In the matter between

 

OGONE LESEDI RUTH MUDAU                                                     APPLICANT

 

and

 

THE STANDARD BANK

OF SOUTH AFRICA LIMITED                                         FIRST RESPONDENT

 

SHERIFF: PRETORIA SOUTH-EAST                        SECOND RESPONDENT

 

This Judgment was handed down electronically and by circulation to the parties’ legal representatives by way of email and shall be uploaded on caselines. The date for hand down is deemed to be on 31 March 2025.  

                           


JUDGEMENT


MALI J

 

[1]        This is an application for rescission of judgment obtained by the first respondent against the applicant on 24 May 2023.  On 7 June 2017 the applicant, Ms Mudau who is an Advocate of the High Court and the first respondent  entered into an agreement regulated by the National Credit Act.[1] 

 

[2]        The applicant purchased a motor vehicle for the total amount of R1 570 678.61 including cost and charges and was obliged to pay off the purchase price in 71 consecutive monthly instalments of R17 453.51 commencing on 1 August 2017.  She chose an address as her domicilium citandi et executandi for purposes of all notices and correspondence sent by Standard Bank in relation to the instalment sale agreement.

 

[3]       The application is brought in terms of Rule 42(1) of the Uniform Rules of Court, alternatively in terms of Common Law.
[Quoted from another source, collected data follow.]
lemma fst_cover_proj:
  assumes "x \<in> cover_box"
  shows "fst (cover_proj x) = nat (fst x mod int n + 1)"
proof -
  obtain I J where x: "x = (I, J)" and I: "0 \<le> I" "I < 2 * int n"
    using assms by (cases x) (auto simp: cover_box_def)
  show ?thesis
  proof (cases "I < int n")
    case False
    have "I mod int n = (I - int n + int n) mod int n" by simp
    also have "\<dots> = I - int n"
      unfolding mod_add_self2 using False I by (intro mod_pos_pos_trivial) auto
    finally show ?thesis using False by (simp add: x)
  qed (simp add: x I)
qed

lemma cover_proj_inj_on_fiber:
  assumes "x \<in> cover_box" "y \<in> cover_box" "fst x = fst y" "cover_proj x = cover_proj y"
  shows "x = y"
proof -
  obtain I J J' where x: "x = (I, J)" and y: "y = (I, J')"
    and J: "0 \<le> J" "J < int m" "0 \<le> J'" "J' < int m"
    using assms(1-3) by (cases x, cases y) (auto simp: cover_box_def)
  have "J mod int m = J' mod int m"
  proof (cases "I < int n")
    case False
    then have "nat ((- J - 1) mod int m + 1) = nat ((- J' - 1) mod int m + 1)"
      using assms(4) by (simp add: x y)
    moreover have "0 \<le> (- J - 1) mod int m + 1" "0 \<le> (- J' - 1) mod int m + 1"
      using m_pos by (simp_all add: add_nonneg_nonneg)
    ultimately have "(- J - 1) mod int m = (- J' - 1) mod int m"
      by (simp add: eq_nat_nat_iff)
    then show ?thesis by (metis reflect_mod_reflect)
  qed (use assms(4) J in \<open>simp add: x y\<close>)
  then show ?thesis using J by (simp add: x y)
qed

lemma cover_proj_upper:
  assumes "int n \<le> I"
  shows "cover_proj (I, J mod int m) = (nat (I - int n + 1), nat ((- J - 1) mod int m + 1))"
  using assms mod_diff_left_eq[of "- (J mod int m)" "int m" 1] mod_minus_eq[of J "int m"]
  by (simp add: mod_diff_left_eq[of "- J" "int m" 1])

lemma aff_perm_apply: "v \<in> vset n m \<Longrightarrow> aff_perm P v = cover_proj (aff_apply P (vertex_lift v))"
  by (simp add: aff_perm_def)

lemma aff_perm_cover_proj:
  assumes "admissible P" and "x \<in> cover_box"
  shows "aff_perm P (cover_proj x) = cover_proj (aff_apply P x)"
proof -
  have lower: "aff_perm P (cover_proj y) = cover_proj (aff_apply P y)"
    if "y \<in> cover_box" "fst y < int n" for y
    using that by (simp add: aff_perm_def cover_proj_in_vset vertex_lift_cover_proj)
  show ?thesis
  proof (cases "fst x < int n")
    case True
    then show ?thesis by (rule lower[OF assms(2)])
  next
    case False
    have "fst (aff_apply deck x) < int n"
      using False assms(2) by (cases x) (auto simp: aff_apply_deck cover_box_def upper_add_n_mod)
    then have "aff_perm P (cover_proj (aff_apply deck x)) = cover_proj (aff_apply P (aff_apply deck x))"
      by (intro lower aff_apply_in_box)
    then show ?thesis
      by (simp add: cover_proj_deck assms aff_apply_deck_commute aff_apply_in_box)
  qed
qed

lemma compose_aff_perm:
  assumes "admissible P"
  shows "compose (vset n m) (aff_perm P) (aff_perm Q) = aff_perm (aff_comp P Q)"
proof
  fix v
  show "compose (vset n m) (aff_perm P) (aff_perm Q) v = aff_perm (aff_comp P Q) v"
  proof (cases "v \<in> vset n m")
    case True
    then have "aff_perm Q v = cover_proj (aff_apply Q (vertex_lift v))"
      by (simp add: aff_perm_def)
    then have "aff_perm P (aff_perm Q v) = cover_proj (aff_apply (aff_comp P Q) (vertex_lift v))"
      by (simp add: aff_perm_cover_proj[OF assms aff_apply_in_box] aff_apply_comp[OF assms])
    moreover have "aff_perm (aff_comp P Q) v = cover_proj (aff_apply (aff_comp P Q) (vertex_lift v))"
      using True by (simp add: aff_perm_def)
    ultimately show ?thesis using True by (simp add: compose_def)
  qed (simp add: compose_def aff_perm_def)
qed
Rule 42(1)(a) provides:

the court may, in addition to any other powers it may have, mero motu or upon the application of any party affected, rescind or vary”

(a)   An order or judgment erroneously sought or erroneously granted in the absence of any party affected thereby.

 

[4]       In order to satisfy this requirement, an applicant has to show on a balance of probabilities that at the time the orders were granted, there were material facts that the court was unaware of, and that had these facts been known to the court, the court would not have granted the order. In other words, the applicant has to show and demonstrate that there was a deliberate and intentional non-disclosure and or withholding of crucial and material facts and information to the court, which induced the court to grant the order. This simply means that the court must have been misled into granting the order.

 

[5]       In Bakoven Ltd v GJ Howes (Pty) Ltd [2] the court explained the position as follows:

An order or judgment is ‘erroneously granted’ when the court commits an ‘error’ in the sense of ‘a mistake in a matter of law appearing on the proceedings of a Court of record’. It follows that in deciding whether a judgment was ‘erroneously granted’ is, like a Court of Appeal, confined to the record of proceedings.”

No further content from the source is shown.